Look for the word "cases". Copy every line of the listing where it occurs.

*** Opening of SOURCE DATA ***

lemma sum_golomb_lengths_blocks:
  assumes "1 \<le> k"
  shows "(\<Sum>i<P * k. (1/2::real) ^ length (golomb k i)) = 1 - (1/2) ^ P"
proof -
  have block: "(\<Sum>i\<in>{q * k..<q * k + k}. (1/2::real) ^ length (golomb k i)) = (1/2) ^ Suc q" for q
  proof -
    have "(\<Sum>i\<in>{q * k..<q * k + k}. (1/2::real) ^ length (golomb k i))
        = (\<Sum>r<k. (1/2::real) ^ length (golomb k (r + q * k)))"
      using sum.shift_bounds_nat_ivl[of _ 0 "q * k" k] by (simp add: atLeast0LessThan add.commute)
    also have "\<dots> = (\<Sum>r<k. (1/2) ^ Suc q * (1/2) ^ length (alph_code r k))"
      using assms by (intro sum.cong) (simp_all add: length_golomb power_add)
    also have "\<dots> = (1/2) ^ Suc q"
      by (simp only: sum_distrib_left[symmetric] sum_alph_code_lengths[OF assms] mult_1_right)
    finally show ?thesis .
  qed
  have "(\<Sum>i<P * k. (1/2::real) ^ length (golomb k i)) = (\<Sum>q<P. (1/2) ^ Suc q)"
    by (simp add: sum.nat_group[symmetric] block)
  also have "\<dots> = 1 - (1/2) ^ P"
    by (induction P) simp_all
  finally show ?thesis .
qed

lemma golomb_lengths_sums:
  assumes "1 \<le> k"
  shows "(\<lambda>i. (1/2::real) ^ length (golomb k i)) sums 1"
proof -
  let ?f = "\<lambda>i. (1/2::real) ^ length (golomb k i)"
  have "(\<Sum>i<n. ?f i) \<le> (\<Sum>i<n * k. ?f i)" for n
    using assms by (intro sum_mono2) auto
  also have "(\<Sum>i<n * k. ?f i) \<le> 1" for n
    using sum_golomb_lengths_blocks[OF assms] by simp
  finally have "summable ?f"
    by (intro summableI_nonneg_bounded) auto
  have "strict_mono (\<lambda>n. n * k)"
    using assms by (simp add: strict_mono_def)
  with \<open>summable ?f\<close> have "(\<lambda>n. \<Sum>i<n * k. ?f i) \<longlonglongrightarrow> suminf ?f"
    using LIMSEQ_subseq_LIMSEQ[OF summable_LIMSEQ] by (simp add: comp_def)
  moreover have "(\<lambda>n. \<Sum>i<n * k. ?f i) \<longlonglongrightarrow> 1"
    unfolding sum_golomb_lengths_blocks[OF assms]
    by (auto intro!: tendsto_eq_intros LIMSEQ_power_zero)
  ultimately have "suminf ?f = 1"
    by (rule LIMSEQ_unique)
  with \<open>summable ?f\<close> show ?thesis
    by (simp add: sums_iff)
qed

lemma prefix_code_lengths_eq_if_le_complete:
  assumes "prefix_code c" "(\<lambda>i. (1/2::real) ^ M i) sums 1" "\<And>i. length (c i) \<le> M i"
  shows "length (c i) = M i"
proof (rule ccontr)
  let ?f = "\<lambda>i. (1/2::real) ^ length (c i)" and ?g = "\<lambda>i. (1/2::real) ^ M i"
  assume "length (c i) \<noteq> M i"
  with assms(3) have "length (c i) < M i"
    using le_neq_implies_less by blast
  have kraft: "(\<Sum>i<n. ?f i) \<le> 1" for n
    using kraft_inequality[OF assms(1)] by simp
  then have "summable ?f"
    by (intro summableI_nonneg_bounded) auto
  have "summable ?g"
    using assms(2) by (simp add: sums_iff)
  have "0 < (\<Sum>n. ?f n - ?g n)"
  proof (rule suminf_pos2)
    show "summable (\<lambda>n. ?f n - ?g n)"
      using \<open>summable ?f\<close> \<open>summable ?g\<close> by (rule summable_diff)
    show "0 \<le> ?f n - ?g n" for n
      using assms(3)[of n] by (simp add: power_decreasing)
    show "0 < ?f i - ?g i"
      using \<open>length (c i) < M i\<close> by (simp add: power_strict_decreasing)
  qed
  also have "(\<Sum>n. ?f n - ?g n) = suminf ?f - 1"
    using suminf_diff[OF \<open>summable ?f\<close> \<open>summable ?g\<close>] assms(2) by (simp add: sums_iff)
  finally have "1 < suminf ?f"
    by simp
  moreover have "suminf ?f \<le> 1"
    using \<open>summable ?f\<close> kraft by (rule suminf_le_const)
  ultimately show False
    by simp
qed

lemma golomb_Suc_le_golomb:
  fixes a :: real
  assumes "1 \<le> k" "0 \<le> a" "real k * a \<le> 1" "s \<le> k"
  shows "length (golomb (Suc k) s) - real s * a + real i * a \<le> 1 + length (golomb k i)"
proof -
  obtain m where m: "Suc k \<le> 2 ^ m" "2 ^ m < 2 * Suc k"
    using ex_power_two_bracket[of "Suc k"] by auto
  with assms(1) have "1 \<le> m"
    by (cases m) auto
  then have "(2::nat) ^ m = 2 * 2 ^ (m - 1)"
    by (cases m) auto
  with m have "2 ^ m \<le> 2 * k"
    by arith
  define u where "u = 2 ^ m - Suc k"
  define q where "q = i div k"
  define r where "r = i mod k"
  \<comment> \<open>the same \<open>m\<close> serves both codes; \<open>Gk\<close> has one more short codeword than \<open>G(k+1)\<close>\<close>
  define ls where "ls = (if s < u then m - 1 else m)"
  define lr where "lr = (if r < u + 1 then m - 1 else m)"
  have "r < k"
    using assms(1) unfolding r_def by simp
  have len_s: "length (golomb (Suc k) s) = 1 + ls"
    using length_alph_code[of "Suc k" m s] m assms(4) unfolding u_def ls_def by (simp add: length_golomb)
  have "2 ^ m - k = u + 1"
    using m unfolding u_def by arith
  then have len_i: "length (golomb k i) = q + 1 + lr"
    using length_alph_code[of k m r] m \<open>r < k\<close> \<open>2 ^ m \<le> 2 * k\<close>
    unfolding q_def r_def lr_def by (simp add: length_golomb)
  have "i = q * k + r"
    unfolding q_def r_def by simp
  then have "real i * a = real q * (real k * a) + real r * a"
    by (simp add: algebra_simps)
  moreover have "real q * (real k * a) \<le> real q"
    using assms(3) by (simp add: mult_left_le)
  moreover have "real ls + real r * a \<le> 1 + real lr + real s * a"
  proof (cases "r \<le> s")
    case True
    then have "real r * a \<le> real s * a"
      using assms(2) by (simp add: mult_right_mono)
    moreover have "ls \<le> 1 + lr"
      using \<open>1 \<le> m\<close> unfolding ls_def lr_def by auto
    ultimately show ?thesis
      by linarith
  next
    case False
    then have "ls \<le> lr"
      unfolding ls_def lr_def by auto
    moreover have "real r * a \<le> real k * a"
      using \<open>r < k\<close> assms(2) by (simp add: mult_right_mono)
    moreover have "0 \<le> real s * a"
      using assms(2) by simp
    ultimately show ?thesis
      using assms(3) by linarith
  qed
  ultimately show ?thesis
    unfolding len_s len_i by simp
qed

lemma golomb_le_golomb_mod:
  fixes a :: real
  assumes "1 \<le> real k * a"
  shows "length (golomb k j) - real j * a \<le> length (golomb k (j mod k)) - real (j mod k) * a"
proof -
  have "1 \<le> k"
    using assms by (cases k) auto
  have "real j = real (j div k) * real k + real (j mod k)"
    by (metis div_mult_mod_eq of_nat_add of_nat_mult)
  moreover have "real (j div k) \<le> real (j div k) * (real k * a)"
    using assms by (simp add: mult_le_cancel_left1)
  ultimately show ?thesis
    using \<open>1 \<le> k\<close> by (simp add: length_golomb algebra_simps)
qed

lemma ex_prefix_code_length_ge_golomb:
  fixes a :: real
  assumes "prefix_code c" "1 \<le> k" "0 \<le> a" "(real k - 1) * a < 1" "s < k"
  shows "\<exists>i. length (golomb k s) - real s * a \<le> length (c i) - real i * a"
proof (cases "k = 1")
  case True
  with assms(5) have "s = 0"
    by simp
  have "length (alph_code 0 1) = 0"
    using length_alph_code[of 1 0 0] by simp
  moreover have "c 0 \<noteq> []"
    using assms(1) unfolding prefix_code_def by (metis Nil_prefix zero_neq_one)
  ultimately show ?thesis
    using True \<open>s = 0\<close> by (intro exI[of _ 0]) (simp add: length_golomb Suc_le_eq)
next
  case False
  from assms(2) obtain k' where k: "k = Suc k'"
    by (cases k) auto
  with False have "1 \<le> k'"
    by simp
  from k assms(4) have "real k' * a < 1"
    by simp
  define T where "T = length (golomb k s) - real s * a"
  define M where "M i = length (golomb k' i)" for i
  show ?thesis
  proof (rule ccontr)
    assume "\<not> ?thesis"
    then have below: "length (c i) < T + real i * a" for i
      unfolding T_def by (meson diff_le_eq not_le le_diff_eq)
    have "length (c i) \<le> M i" for i
      using below[of i] golomb_Suc_le_golomb[of k' a s i] \<open>1 \<le> k'\<close> \<open>real k' * a < 1\<close> assms(3,5)
      unfolding T_def M_def k by simp
    then have c_eq: "length (c i) = M i" for i
      using prefix_code_lengths_eq_if_le_complete[OF assms(1) golomb_lengths_sums[OF \<open>1 \<le> k'\<close>]]
      unfolding M_def by simp
    obtain Q :: nat where Q: "T < real Q * (1 - real k' * a)"
      using reals_Archimedean3 \<open>real k' * a < 1\<close> by (metis diff_gt_0_iff_gt)
    define i where "i = Q * k'"
    have "Q < M i"
      unfolding M_def i_def using \<open>1 \<le> k'\<close> by (simp add: length_golomb)
    moreover have "T + real i * a < Q"
      using Q unfolding i_def by (simp add: algebra_simps)
    ultimately show False
      using below[of i] c_eq[of i] by simp
  qed
qed

lemma max_pointwise_redundancy_geom_le:
  assumes "0 < \<theta>" "\<theta> < 1"
    and "\<And>j. \<exists>i. length (c j) + real j * log 2 \<theta> \<le> length (d i) + real i * log 2 \<theta>"
  shows "max_pointwise_redundancy c (geom_pmf \<theta>) \<le> max_pointwise_redundancy d (geom_pmf \<theta>)"
proof -
  have log_geom: "log 2 (geom_pmf \<theta> i) = log 2 (1 - \<theta>) + real i * log 2 \<theta>" for i
    using assms(1,2) by (simp add: geom_pmf_def log_mult log_nat_power)
  show ?thesis
    unfolding max_pointwise_redundancy_def
  proof (rule SUP_least)
    fix j
    obtain i where "length (c j) + real j * log 2 \<theta> \<le> length (d i) + real i * log 2 \<theta>"
      using assms(3) by blast
    then have "ereal (length (c j) + log 2 (geom_pmf \<theta> j)) \<le> ereal (length (d i) + log 2 (geom_pmf \<theta> i))"
      unfolding log_geom by simp
    then show "ereal (length (c j) + log 2 (geom_pmf \<theta> j)) \<le> (SUP i. ereal (length (d i) + log 2 (geom_pmf \<theta> i)))"
      by (rule SUP_upper2[OF UNIV_I])
  qed
qed

lemma nat_ceiling_inverse_bounds:
  fixes a :: real
  assumes "0 < a"
  shows "1 \<le> nat \<lceil>1 / a\<rceil>" "1 \<le> real (nat \<lceil>1 / a\<rceil>) * a" "(real (nat \<lceil>1 / a\<rceil>) - 1) * a < 1"
proof -
  have "0 < \<lceil>1 / a\<rceil>"
    using assms by simp
  then show "1 \<le> nat \<lceil>1 / a\<rceil>"
    by linarith
  from \<open>0 < \<lceil>1 / a\<rceil>\<close> have k: "real (nat \<lceil>1 / a\<rceil>) = of_int \<lceil>1 / a\<rceil>"
    by simp
  have "1 = 1 / a * a"
    using assms by simp
  also have "\<dots> \<le> of_int \<lceil>1 / a\<rceil> * a"
    using assms by (intro mult_right_mono) simp_all
  finally show "1 \<le> real (nat \<lceil>1 / a\<rceil>) * a"
    unfolding k .
  have "of_int \<lceil>1 / a\<rceil> - 1 < 1 / a"
    by linarith
  then show "(real (nat \<lceil>1 / a\<rceil>) - 1) * a < 1"
    using assms unfolding k by (simp add: field_simps)
qed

*** Close of SOURCE DATA ***

ANSWER BELOW >>
    by (cases m) auto
    by (cases m) auto
  proof (cases "r \<le> s")
    using assms by (cases k) auto
proof (cases "k = 1")
    by (cases k) auto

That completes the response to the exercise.